The Assembly unanimously decided Monday night, meeting as Committee of the Whole, to not adopt new maps that show updated landslide and avalanche risk downtown. Instead, the city would be required to conduct annual public outreach and to notify developers in the area of the new maps’ existence.
[Planning Commission urges rejection of new hazard maps and policy]
The ordinance now heads to the full Assembly for public testimony, and will either remain there for a vote in the following meeting or get sent back to committee for further discussion. The move Monday night follows years of discussion and hesitancy on whether to accept the new maps — commissioned by the city in 2018 and paid for by a grant from the Federal Emergency Management Agency — and what regulatory changes and policy implications may flow from the updated avalanche or landslide-prone zonings.
CBJ’s current hazard maps, adopted in 1987, are based on maps created in the 1970s.
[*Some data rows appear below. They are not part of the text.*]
(* Let $V:\mathbb{R}^r\to\mathbb{R}$ satisfy Assumptions A1 and A2 (see context), and let the step size $\delta$ satisfy the step-size condition (S). Let $(\xi_k,\rho_k)_{k\ge0}$ be the underdamped Langevin algorithm with step size $\delta$ started from deterministic $\xi_0,\rho_0\in\mathbb{R}^r$. Then for any fixed $l>0$ there exist constants $C=C(l,\delta)>0$, $\lambda=\lambda(l,\delta)>0$ and an integer $m=m(l)>0$ such that for all $k\ge0$, \[ \mathbb{E}\left(\Vert\xi_{k}\Vert^{2l}+\Vert\rho_{k}\Vert^{2l}\right)\le C\left\{ 1+\left(\Vert\xi_{0}\Vert^{m}+\Vert\rho_{0}\Vert^{m}\right)e^{-\lambda k}\right\}. \]
   Context: Fix integers $r\ge1$ and a constant $\gamma>0$. A map $\phi:\mathbb{R}^a\to\mathbb{R}^b$ has polynomial growth if there are $C>0$ and an integer $m\ge0$ with $\Vert\phi(x)\Vert\le C(1+\Vert x\Vert^m)$ for all $x$; $\mathscr{C}^m_{poly}$ denotes the maps that are $m$ times differentiable such that the map and its derivatives (up to order $m$) have polynomial growth; $\mathscr{C}^\infty_{poly}$ means this holds for all orders. Norms of matrices/tensors are operator norms. Assumption A1: (a) $V(x)\ge0$ for all $x\in\mathbb{R}^r$; (b) $\Vert\nabla^2V(x)\Vert\le\nu$ for some constant $\nu>0$ and all $x$; (c) $V\in\mathscr{C}^\infty_{poly}$. Assumption A2: there exist constants $\alpha>0$ and $0<\beta<1$ such that for all $x\in\mathbb{R}^r$, $\frac12\langle\nabla V(x),x\rangle\ge\beta V(x)+\gamma^2C_\beta\Vert x\Vert^2-\alpha$, where $C_\beta=\frac{\beta(2-\beta)}{8(1-\beta)}$. Step-size condition (S): $0<\delta\le\min\{1/\gamma,\ \gamma/(2\nu),\ (D+1-\sqrt{D^2+1})/\gamma\}$ with $D=\gamma^4C_\beta/\nu^2$. Underdamped Langevin algorithm: $\xi_{k+1}=\xi_k+\delta\rho_k$, $\rho_{k+1}=(1-\gamma\delta)\rho_k-\delta\nabla V(\xi_k)+\sqrt{2\gamma\delta}\,\eta_k$, where $\eta_0,\eta_1,\dots$ are i.i.d. $N(0,I_r)$ and $\eta_k$ is independent of $(\xi_j,\rho_j)_{j\le k}$; write $W_k=(\xi_k^{\mathrm T},\rho_k^{\mathrm T})^{\mathrm T}\in\mathbb{R}^{2r}$. *)

theory Defs
  imports "HOL-Probability.Probability"
begin
(* Let $A\subseteq B$ be a ring extension (commutative rings with identity). Then the following conditions are equivalent: (i) the extension $A\subseteq B$ has the finite character, i.e. every $B$-regular ideal of $A$ is contained in only finitely many maximal ideals of $A$; (ii) for any finitely generated $B$-regular ideal $\mathfrak a$ of $A$, every collection of pairwise comaximal, finitely generated, $B$-regular ideals of $A$ containing $\mathfrak a$ is finite.
   Context: An $A$-submodule $S$ of $B$ is called $B$-regular if $SB=B$. Two ideals $\mathfrak b_1,\mathfrak b_2$ of $A$ are comaximal if $\mathfrak b_1+\mathfrak b_2=A$ (equivalently, here, among proper $B$-regular ideals: no proper $B$-regular ideal contains both); a collection is pairwise comaximal if any two distinct members are comaximal. *)

theory Defs
  imports "HOL-Algebra.Algebra"
begin

text \<open>Ring extension A \<subseteq> B: B is a commutative ring R, A is a subring (carrier A) of R.
  The ring A is the structure R with carrier restricted to A.\<close>

definition B_regular :: "('a, 'b) ring_scheme \<Rightarrow> 'a set \<Rightarrow> bool" where
  "B_regular R S \<longleftrightarrow> genideal R S = carrier R"

definition fin_gen_ideal :: "('a, 'b) ring_scheme \<Rightarrow> 'a set \<Rightarrow> bool" where
  "fin_gen_ideal R I \<longleftrightarrow> (\<exists>F. finite F \<and> F \<subseteq> carrier R \<and> I = genideal R F)"

definition comaximal :: "('a, 'b) ring_scheme \<Rightarrow> 'a set \<Rightarrow> 'a set \<Rightarrow> bool" where
  "comaximal R I J \<longleftrightarrow> I <+>\<^bsub>R\<^esub> J = carrier R"

definition finite_character :: "('a, 'b) ring_scheme \<Rightarrow> 'a set \<Rightarrow> bool" where
  "finite_character R A \<longleftrightarrow>
     (\<forall>I. ideal I (R\<lparr>carrier := A\<rparr>) \<and> B_regular R I \<longrightarrow>
        finite {M. maximalideal M (R\<lparr>carrier := A\<rparr>) \<and> I \<subseteq> M})"

end

(*
  Proper comaximal ideals lie in distinct maximal ideals, so a pairwise comaximal family of ideals
  containing \<aa> is no larger than the set of maximal ideals containing \<aa>: (i) implies (ii).
  Conversely, 1 is a finite combination of elements of a B-regular ideal, so it contains a finitely
  generated B-regular ideal \<aa>. If \<aa> lay in infinitely many maximal ideals, an infinite
  pairwise comaximal family of finitely generated ideals over \<aa> could be built one member at a
  time: in an infinite set of maximal ideals some M contains an element x outside infinitely many
  of them; the next member is generated by \<aa>, x and, for each earlier member I, an element of M
  that completes an element of I to 1.
*)

theory Submission
  imports Defs
begin

lemma (in ring) directed_Union_is_ideal:
  assumes "\<I> \<noteq> {}" and ideals: "\<And>I. I \<in> \<I> \<Longrightarrow> ideal I R"
    and directed: "\<And>I J. I \<in> \<I> \<Longrightarrow> J \<in> \<I> \<Longrightarrow> \<exists>K\<in>\<I>. I \<subseteq> K \<and> J \<subseteq> K"
  shows "ideal (\<Union>\<I>) R"
proof (rule idealI[OF ring_axioms])
  show "subgroup (\<Union>\<I>) (add_monoid R)"
  proof
    show "\<Union>\<I> \<subseteq> carrier (add_monoid R)"
      using ideals ideal.Icarr by fastforce
    obtain I where "I \<in> \<I>" using \<open>\<I> \<noteq> {}\<close> by blast
    then show "\<one>\<^bsub>add_monoid R\<^esub> \<in> \<Union>\<I>"
      using additive_subgroup.zero_closed[OF ideal.axioms(1)[OF ideals]] by auto
  next
    fix x y assume "x \<in> \<Union>\<I>" "y \<in> \<Union>\<I>"
    then obtain K where K: "K \<in> \<I>" "x \<in> K" "y \<in> K"
      using directed by (metis UnionE subsetD)
    then show "x \<otimes>\<^bsub>add_monoid R\<^esub> y \<in> \<Union>\<I>"
      using additive_subgroup.a_closed[OF ideal.axioms(1)[OF ideals[OF K(1)]]] by auto
    show "inv\<^bsub>add_monoid R\<^esub> x \<in> \<Union>\<I>"
      using K additive_subgroup.a_inv_closed[OF ideal.axioms(1)[OF ideals[OF K(1)]]]
      unfolding a_inv_def by blast
  qed
next
  fix a x assume "a \<in> \<Union>\<I>" "x \<in> carrier R"
  then obtain I where "I \<in> \<I>" "a \<in> I" by blast
  then show "x \<otimes> a \<in> \<Union>\<I>" and "a \<otimes> x \<in> \<Union>\<I>"
    using ideal.I_l_closed[OF ideals] ideal.I_r_closed[OF ideals] \<open>x \<in> carrier R\<close> by blast+
qed

lemma (in ring) genideal_finite_subset:
  assumes "S \<subseteq> carrier R" "x \<in> Idl S"
  shows "\<exists>F. finite F \<and> F \<subseteq> S \<and> x \<in> Idl F"
proof -
  let ?\<I> = "{Idl F | F. finite F \<and> F \<subseteq> S}"
  have "ideal (\<Union>?\<I>) R"
  proof (rule directed_Union_is_ideal)
    show "?\<I> \<noteq> {}" by blast
    show "\<And>I. I \<in> ?\<I> \<Longrightarrow> ideal I R"
      using assms(1) genideal_ideal by blast
    fix I J assume "I \<in> ?\<I>" "J \<in> ?\<I>"
    then obtain F G where F: "finite F" "F \<subseteq> S" "I = Idl F"
      and G: "finite G" "G \<subseteq> S" "J = Idl G"
      by blast
    have "F \<union> G \<subseteq> carrier R" using F G assms(1) by blast
    then have "I \<subseteq> Idl (F \<union> G)" "J \<subseteq> Idl (F \<union> G)"
      using F(3) G(3) subset_Idl_subset by blast+
    moreover have "Idl (F \<union> G) \<in> ?\<I>" using F G by blast
    ultimately show "\<exists>K\<in>?\<I>. I \<subseteq> K \<and> J \<subseteq> K" by blast
  qed
  moreover have "S \<subseteq> \<Union>?\<I>"
    using assms(1) genideal_self' by blast
  ultimately have "Idl S \<subseteq> \<Union>?\<I>"
    by (rule genideal_minimal)
  then show ?thesis using assms(2) by blast
qed

lemma (in ring) fin_gen_ideal_imp_ideal: "fin_gen_ideal R I \<Longrightarrow> ideal I R"
  unfolding fin_gen_ideal_def using genideal_ideal by blast

lemma (in ring) ideal_subset_maximalideal:
  assumes "ideal I R" "I \<noteq> carrier R"
  shows "\<exists>M. maximalideal M R \<and> I \<subseteq> M"
proof -
  let ?\<A> = "{J. ideal J R \<and> I \<subseteq> J \<and> \<one> \<notin> J}"
  have "\<one> \<notin> I" using assms ideal.one_imp_carrier by blast
  then have "?\<A> \<noteq> {}" using assms(1) by blast
  then have "\<exists>M\<in>?\<A>. \<forall>J\<in>?\<A>. M \<subseteq> J \<longrightarrow> J = M"
  proof (rule subset_Zorn_nonempty)
    fix \<C> assume "\<C> \<noteq> {}" "subset.chain ?\<A> \<C>"
    then have chain: "subset.chain {J. ideal J R} \<C>" and "\<C> \<subseteq> ?\<A>"
      unfolding pred_on.chain_def by auto
    moreover have "ideal (\<Union>\<C>) R"
      using chain_Union_is_ideal[OF chain] \<open>\<C> \<noteq> {}\<close> by simp
    ultimately show "\<Union>\<C> \<in> ?\<A>"
      using \<open>\<C> \<noteq> {}\<close> by auto
  qed
  then obtain M where M: "M \<in> ?\<A>" and M_max: "\<forall>J\<in>?\<A>. M \<subseteq> J \<longrightarrow> J = M"
    by (rule bexE)
  have "maximalideal M R"
  proof (rule maximalidealI)
    show "ideal M R" using M by simp
    show "carrier R \<noteq> M" using M one_closed by auto
    fix J assume J: "ideal J R" "M \<subseteq> J"
    show "J = M \<or> J = carrier R"
    proof (cases "\<one> \<in> J")
      case True
      then show ?thesis using ideal.one_imp_carrier[OF J(1)] by blast
    next
      case False
      then show ?thesis using M_max M J by blast
    qed
  qed
  then show ?thesis using M by blast
qed

lemma (in ring) comaximal_of_sum_one:
  assumes "ideal I R" "ideal J R" "u \<in> I" "v \<in> J" "u \<oplus> v = \<one>"
  shows "comaximal R I J"
proof -
  have "\<one> \<in> I <+>\<^bsub>R\<^esub> J" using assms(3-5) unfolding set_add_def' by force
  then show ?thesis
    unfolding comaximal_def by (rule ideal.one_imp_carrier[OF add_ideals[OF assms(1,2)]])
qed

lemma (in ring) comaximal_sym:
  assumes "ideal I R" "ideal J R"
  shows "comaximal R I J \<longleftrightarrow> comaximal R J I"
proof -
  have "I \<subseteq> carrier R" "J \<subseteq> carrier R"
    using ideal.Icarr[OF assms(1)] ideal.Icarr[OF assms(2)] by blast+
  then have "I <+>\<^bsub>R\<^esub> J = J <+>\<^bsub>R\<^esub> I"
    by (rule set_add_comm)
  then show ?thesis
    unfolding comaximal_def by (rule arg_cong)
qed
Under the new maps the number of properties that move into high/severe landslide zones grows from 173 to 374, including 217 properties that were not included in the 1987 severe zone.
Since the release of the maps to the public, many property owners in the affected areas have expressed concern about adopting the maps, and that a new hazard designation could affect property values, resale options and insurance costs. Those concerns were discussed among the Assembly members Monday night and were a driving force behind members’ decision to move forward without its adoption.
Assembly member Greg Smith said he thought the decision to require public outreach and not adopt the maps was the “least worst option,” arguing that adopting the maps would unfairly impact people who are in that study area as there hasn’t been a full assessment of similar risks across the borough.
“If we are starting to regulate people based on this little sliver of town that we’ve only studied I will probably oppose that all the way to the end,” he said. “But I am OK with this and to hear from the public.”
Mayor Beth Weldon shared a similar viewpoint.
“Downtown is not the only place we have problems,” Weldon said. “We have problems in Douglas, North Douglas, anywhere that there is a slope.”
However, Assembly member Loren Jones, who is filling the remainder of recently resigned Carole Triem’s seat until the election, said he wasn’t going to object to the motion as it was still in committee, but said if it was a decision at the full Assembly, “I certainly would be a no.”
“It ignores some responsibility we have for public safety, especially if we want more density in downtown housing,” he said. “It’s OK to notify the owner, but what about the 40 other residents of the apartment if something happens? Nobody thought the (Suicide Basin) floods would happen at the Mendenhall (River), but it happened.”
Jones said if members of the Assembly and city administration don’t believe that the new maps are accurate “don’t put them on the website.”
“People are going to look at something official on the website of a government and assume that the government supports it,” he said. “I think you have some serious, serious public relations problems by putting maps that you do not officially believe in on the webpage and say ‘OK, public, beware, but we take no responsibility for anything that happens to you or your renters, citizens or family.’ I think that’s skirting the responsibility of the government and that’s just wrong.”
Assembly Member Wade Bryson said he agreed that he doesn’t want to see the community develop in harm’s way, but at the same time “we do have property owners, we owe them an answer to properly navigate this so homeowners can make decisions on what they want to do with the property that they own.”
Bryson argued the decision should be up to the individual property owners to assess whether they want to take the risk.
“We all have some risk no matter where we live and I don’t think any government action is going to absolve us of that,” he said.
Assembly member Alicia Hughes-Skandijs said she similarly wouldn’t object to the ordinance from moving to the full Assembly so as to allow for public comment, but said “to not adopt something, but then refer to it seems a little crazy to me.”
The Sitka Assembly went through a similar difficult decision-making process when after deadly landslides in 2015 it commissioned landslide mapping to assess risk and later adopted a new section of city code with restricted development in areas with “moderate” or “high” landslide risk.
However, in 2021 the Sitka Assembly unanimously agreed to remove that language about landslide management from the city code, with the Sitka administration saying it was causing unanticipated challenges to homeowners in the area.